Managing endpoints in configuration files mean that you don't have to update your application if (or perhaps I should say when) the endpoints change.
You can also have several instances of the application running with different endpoints.
I tend to like the config approach myself too, other than the config file can get pretty big.
The one thing I have noticed with WCF configuration is that there is a lot of stuff that you can do from code that you can't do in XML config without adding your own custom extensions. In other words, doing config in code will allow more flexibility, of course you could also just code your own extensions and use those from configuration.
However, do note that there is what I would consider a 'bug' in Visual Studio that if you start making your own extensions and including them in XML, then VS won't like your config file any more and will tag them as errors, and then if you try to add a new service through the wizards, it will fail to add the endpoint to the configuration.
This is sort of a followup to my own answer:
After months of having everything in xml configuration, I'm changing everything to construct the endpoints and bindings in code. I found a really good case for having it in code;
When you want to have a deployable / sharable .dll that contains WCF clients.
So for example if you have a CommonClients.dll that contains all your WCF interfaces and contracts to communicate with some remote server, then you don't want to also say "here is 100 lines of xml that you also have to drop into your app.config for every client to make it work". Having it all constructed in code works out much better in this case.
There is also a "feature" of .NET 3.5 where if you have some wcf extensions, you have to specify the fully qualified assembly name. This means that if your assembly containing the extensions changes the version nnumber, you have to go change the assembly name in the config file too. It is supposedly fixed in .NET 4 to use a short assembly name and not require the full name.
Offhand, an endpoint in a config file doesn't need to be recompiled when it's changed. This also means that you just need to update your config file when moving an application from Development to UAT to Production.
If your just coding something for your own use at home, then there's no real difference. However in a business environment, having the enpoint defined in your config file saves all sorts of headaches.
When using an app.config, your application does not need to be recompiled to adjust to a change. Also it can be resused in multiple situations with the exact same code. Finally, hardcoding your endpoints (or anything subject to change) is poor coding practice. Don't fear the configuration file, it's declarative programming. You say, "I want to use this endpoint." and it does the work for you.
I generally do programmatic configuration, as I don't want to expose my applications internal structure the the user. The only thing I keep configurable is service address, but even this I keep in userSettings section, not system.ServiceModel.
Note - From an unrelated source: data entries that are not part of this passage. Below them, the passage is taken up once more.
(* Let $N>0$, $R=\mathbb{Q}[x_1,x_2,y_1,y_2]$, and let $t_i,w_i,s_i,u_i$ and $X_\bullet=\{(u_1,u_2),(s_1,s_2)\}$, $X_\circ=\{(w_1,w_2),(t_1,t_2)\}$ be as in the context. Put $$\gamma=\frac{\partial u_1}{\partial y_1}-\frac{\partial u_1}{\partial y_2}-\frac12\frac{\partial u_2}{\partial y_2}(x_2+y_2)+\frac12\frac{\partial u_2}{\partial y_1}(x_1+y_1).$$ Then the partial differential equation $2z+\frac{\partial z}{\partial y_1}(y_1-x_1)+\frac{\partial z}{\partial y_2}(y_2-x_2)=\gamma$ in an unknown $z$ has a unique polynomial solution $\Omega_2(\gamma)\in R$, and the $R$-linear map $\chi_1:X_\bullet\to X_\circ$ defined by $\chi_1(1)=1+\Omega_2(\gamma)\,\theta_1\theta_2$, $\chi_1(\theta_1)=\theta_1+\theta_2$, $\chi_1(\theta_2)=\frac12(x_2+y_2)\theta_1+\frac12(x_1+y_1)\theta_2$, $\chi_1(\theta_1\theta_2)=\frac12(x_1+y_1-x_2-y_2)\theta_1\theta_2$ is a morphism of graded matrix factorisations such that $\pi_\circ\circ\chi_1$ is homotopic to $\mathrm{can}\circ\pi_\bullet$, where $\mathrm{can}:R/(s_1,s_2)\to R/(t_1,t_2)$ is the canonical surjection.
   Context: Variables have degree $2$. $t_i=y_i-x_i$, $w_i=(y_i^{N+1}-x_i^{N+1})/(y_i-x_i)$, $s_1=y_1+y_2-x_1-x_2$, $s_2=y_1y_2-x_1x_2$, and $u_1,u_2\in R$ are homogeneous with $W:=y_1^{N+1}+y_2^{N+1}-x_1^{N+1}-x_2^{N+1}=u_1s_1+u_2s_2$ and $u_i(y_1,y_2,x_1,x_2)=u_i(x_1,x_2,y_1,y_2)$. For sequences $\boldsymbol a,\boldsymbol b$ of homogeneous elements with $\deg a_i+\deg b_i=2c$ (here $c=N+1$), the cyclic Koszul matrix factorisation $\{\boldsymbol a,\boldsymbol b\}$ of $\sum a_ib_i$ is the exterior algebra $\bigwedge F$ on $F=R\theta_1\oplus R\theta_2$, with $\theta_i$ of $\mathbb{Z}_2$-degree $1$ and internal degree $\deg a_i-c$, and differential $\delta_++\delta_-$ where $\delta_+=(\sum_ib_i\theta_i^* )\lrcorner(-)$ (contraction) and $\delta_-=(\sum_ia_i\theta_i)\wedge(-)$. $\pi_\bullet:X_\bullet\to R/(s_1,s_2)$ and $\pi_\circ:X_\circ\to R/(t_1,t_2)$ are the morphisms of linear factorisations (modules viewed as factorisations of zero) given by projecting onto $\bigwedge^0F=R$ and then onto the quotient. *)

theory Defs
  imports Complex_Main "HOL-Library.Poly_Mapping"
begin

datatype var = X1 | X2 | Y1 | Y2

type_synonym mpoly = "(var \<Rightarrow>\<^sub>0 nat) \<Rightarrow>\<^sub>0 rat"

definition Var :: "var \<Rightarrow> mpoly" where
  "Var v = Poly_Mapping.single (Poly_Mapping.single v 1) 1"

definition Const :: "rat \<Rightarrow> mpoly" where
  "Const c = Poly_Mapping.single 0 c"

definition pderiv_var :: "var \<Rightarrow> mpoly \<Rightarrow> mpoly" where
  "pderiv_var v p = (\<Sum>m\<in>Poly_Mapping.keys p.
     Poly_Mapping.single (m - Poly_Mapping.single v (1::nat)) (of_nat (Poly_Mapping.lookup m v) * Poly_Mapping.lookup p m))"

definition msubst :: "(var \<Rightarrow> mpoly) \<Rightarrow> mpoly \<Rightarrow> mpoly" where
  "msubst \<sigma> p = (\<Sum>m\<in>Poly_Mapping.keys p. Const (Poly_Mapping.lookup p m) * (\<Prod>v\<in>Poly_Mapping.keys m. \<sigma> v ^ Poly_Mapping.lookup m v))"

definition swap_xy :: "var \<Rightarrow> mpoly" where
  "swap_xy v = (case v of X1 \<Rightarrow> Var Y1 | X2 \<Rightarrow> Var Y2 | Y1 \<Rightarrow> Var X1 | Y2 \<Rightarrow> Var X2)"

text \<open>Total degree of a monomial (standard grading; the paper's degree is twice this).\<close>
definition mon_deg :: "(var \<Rightarrow>\<^sub>0 nat) \<Rightarrow> nat" where
  "mon_deg m = (\<Sum>v\<in>Poly_Mapping.keys m. Poly_Mapping.lookup m v)"

definition homogeneous :: "mpoly \<Rightarrow> bool" where
  "homogeneous p \<longleftrightarrow> (\<exists>d. \<forall>m\<in>Poly_Mapping.keys p. mon_deg m = d)"

definition hom_of_deg :: "int \<Rightarrow> mpoly \<Rightarrow> bool" where
  "hom_of_deg d p \<longleftrightarrow> (\<forall>m\<in>Poly_Mapping.keys p. 2 * int (mon_deg m) = d)"

definition t1 :: mpoly where "t1 = Var Y1 - Var X1"
definition t2 :: mpoly where "t2 = Var Y2 - Var X2"

text \<open>w_i = (y_i^(N+1) - x_i^(N+1)) / (y_i - x_i), written as the exact quotient.\<close>
definition wpoly :: "nat \<Rightarrow> var \<Rightarrow> var \<Rightarrow> mpoly" where
  "wpoly N x y = (\<Sum>k\<le>N. Var y ^ k * Var x ^ (N - k))"

definition w1 :: "nat \<Rightarrow> mpoly" where "w1 N = wpoly N X1 Y1"
definition w2 :: "nat \<Rightarrow> mpoly" where "w2 N = wpoly N X2 Y2"

definition s1 :: mpoly where "s1 = Var Y1 + Var Y2 - Var X1 - Var X2"
definition s2 :: mpoly where "s2 = Var Y1 * Var Y2 - Var X1 * Var X2"

definition Wpot :: "nat \<Rightarrow> mpoly" where
  "Wpot N = Var Y1 ^ (N+1) + Var Y2 ^ (N+1) - Var X1 ^ (N+1) - Var X2 ^ (N+1)"

definition gamma :: "mpoly \<Rightarrow> mpoly \<Rightarrow> mpoly" where
  "gamma u1 u2 = pderiv_var Y1 u1 - pderiv_var Y2 u1
     - Const (1/2) * pderiv_var Y2 u2 * (Var X2 + Var Y2)
     + Const (1/2) * pderiv_var Y1 u2 * (Var X1 + Var Y1)"

definition pde_sol :: "mpoly \<Rightarrow> mpoly \<Rightarrow> bool" where
  "pde_sol g z \<longleftrightarrow>
     2 * z + pderiv_var Y1 z * (Var Y1 - Var X1) + pderiv_var Y2 z * (Var Y2 - Var X2) = g"

text \<open>Basis 1, theta1, theta2, theta1 theta2; elements are coefficient functions.\<close>
datatype ebasis = E0 | E1 | E2 | E12

type_synonym ext = "ebasis \<Rightarrow> mpoly"

definition ext_add :: "ext \<Rightarrow> ext \<Rightarrow> ext" where
  "ext_add f g = (\<lambda>e. f e + g e)"

definition ext_smult :: "mpoly \<Rightarrow> ext \<Rightarrow> ext" where
  "ext_smult r f = (\<lambda>e. r * f e)"

definition ext_wedge :: "ext \<Rightarrow> ext \<Rightarrow> ext" where
  "ext_wedge f g = (\<lambda>e. case e of
      E0 \<Rightarrow> f E0 * g E0
    | E1 \<Rightarrow> f E0 * g E1 + f E1 * g E0
    | E2 \<Rightarrow> f E0 * g E2 + f E2 * g E0
    | E12 \<Rightarrow> f E0 * g E12 + f E12 * g E0 + f E1 * g E2 - f E2 * g E1)"

text \<open>Contraction with the dual basis vectors theta1^*, theta2^* (odd derivations).\<close>
definition contr1 :: "ext \<Rightarrow> ext" where
  "contr1 f = (\<lambda>e. case e of E0 \<Rightarrow> f E1 | E1 \<Rightarrow> 0 | E2 \<Rightarrow> f E12 | E12 \<Rightarrow> 0)"

definition contr2 :: "ext \<Rightarrow> ext" where
  "contr2 f = (\<lambda>e. case e of E0 \<Rightarrow> f E2 | E1 \<Rightarrow> - f E12 | E2 \<Rightarrow> 0 | E12 \<Rightarrow> 0)"

definition theta1 :: ext where "theta1 = (\<lambda>e. if e = E1 then 1 else 0)"
definition theta2 :: ext where "theta2 = (\<lambda>e. if e = E2 then 1 else 0)"

text \<open>Differential of the cyclic Koszul factorisation {(a1,a2),(b1,b2)}:
  delta_plus = (b1 theta1^* + b2 theta2^*) contracted, delta_minus = (a1 theta1 + a2 theta2) wedge.\<close>
definition koszul_d :: "mpoly \<Rightarrow> mpoly \<Rightarrow> mpoly \<Rightarrow> mpoly \<Rightarrow> ext \<Rightarrow> ext" where
  "koszul_d a1 a2 b1 b2 f =
     ext_add (ext_add (ext_smult b1 (contr1 f)) (ext_smult b2 (contr2 f)))
             (ext_wedge (ext_add (ext_smult a1 theta1) (ext_smult a2 theta2)) f)"

text \<open>Internal degrees of the basis elements: theta_i has degree c - deg a_i.\<close>
definition theta_deg :: "int \<Rightarrow> int \<Rightarrow> int \<Rightarrow> ebasis \<Rightarrow> int" where
  "theta_deg c da1 da2 e = (case e of E0 \<Rightarrow> 0 | E1 \<Rightarrow> c - da1 | E2 \<Rightarrow> c - da2
                              | E12 \<Rightarrow> (c - da1) + (c - da2))"

definition ext_hom_deg :: "(ebasis \<Rightarrow> int) \<Rightarrow> int \<Rightarrow> ext \<Rightarrow> bool" where
  "ext_hom_deg dg d f \<longleftrightarrow> (\<forall>e. hom_of_deg (d - dg e) (f e))"

definition ext_even :: "ext \<Rightarrow> bool" where
  "ext_even f \<longleftrightarrow> f E1 = 0 \<and> f E2 = 0"

definition ext_odd :: "ext \<Rightarrow> bool" where
  "ext_odd f \<longleftrightarrow> f E0 = 0 \<and> f E12 = 0"

definition lin_ext :: "(ebasis \<Rightarrow> ext) \<Rightarrow> ext \<Rightarrow> ext" where
  "lin_ext img f = (\<lambda>e'. f E0 * img E0 e' + f E1 * img E1 e' + f E2 * img E2 e' + f E12 * img E12 e')"

definition graded_mf_morphism ::
  "(ext \<Rightarrow> ext) \<Rightarrow> (ext \<Rightarrow> ext) \<Rightarrow> (ebasis \<Rightarrow> int) \<Rightarrow> (ext \<Rightarrow> ext) \<Rightarrow> (ebasis \<Rightarrow> int)
     \<Rightarrow> bool" where
  "graded_mf_morphism phi dX dgX dY dgY \<longleftrightarrow>
     (\<forall>f. dY (phi f) = phi (dX f)) \<and>
     (\<forall>f. ext_even f \<longrightarrow> ext_even (phi f)) \<and>
     (\<forall>f. ext_odd f \<longrightarrow> ext_odd (phi f)) \<and>
     (\<forall>d f. ext_hom_deg dgX d f \<longrightarrow> ext_hom_deg dgY d (phi f))"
I prefer and recommend the configuration file approach. It offeres a lot of flexibility by allowing to make change to your server without the need to recompile the applcation.
If you need security, you can encrypt the config file.
The biggest worry with plain config files could be that it can be accidentally (or on purpose) modified by the end user causing your app to crash. To overcome this you could make some tests in code to check the configuration is ok in the config file and if not, initialize it programatically to some defaults. I presented how you could do that in another answer to this question.
It's just a question of how much flexibility you need.
Usually I prefer the config file approach.
Check out the .NET StockTrader app. It uses a repository to store config data and has a separate app to manage the configuration. The setup and structure is pretty advanced and there's a fair bit of head scratching for anyone like me that only has the basics of WCF configuration so far, but I would say it's worth a look.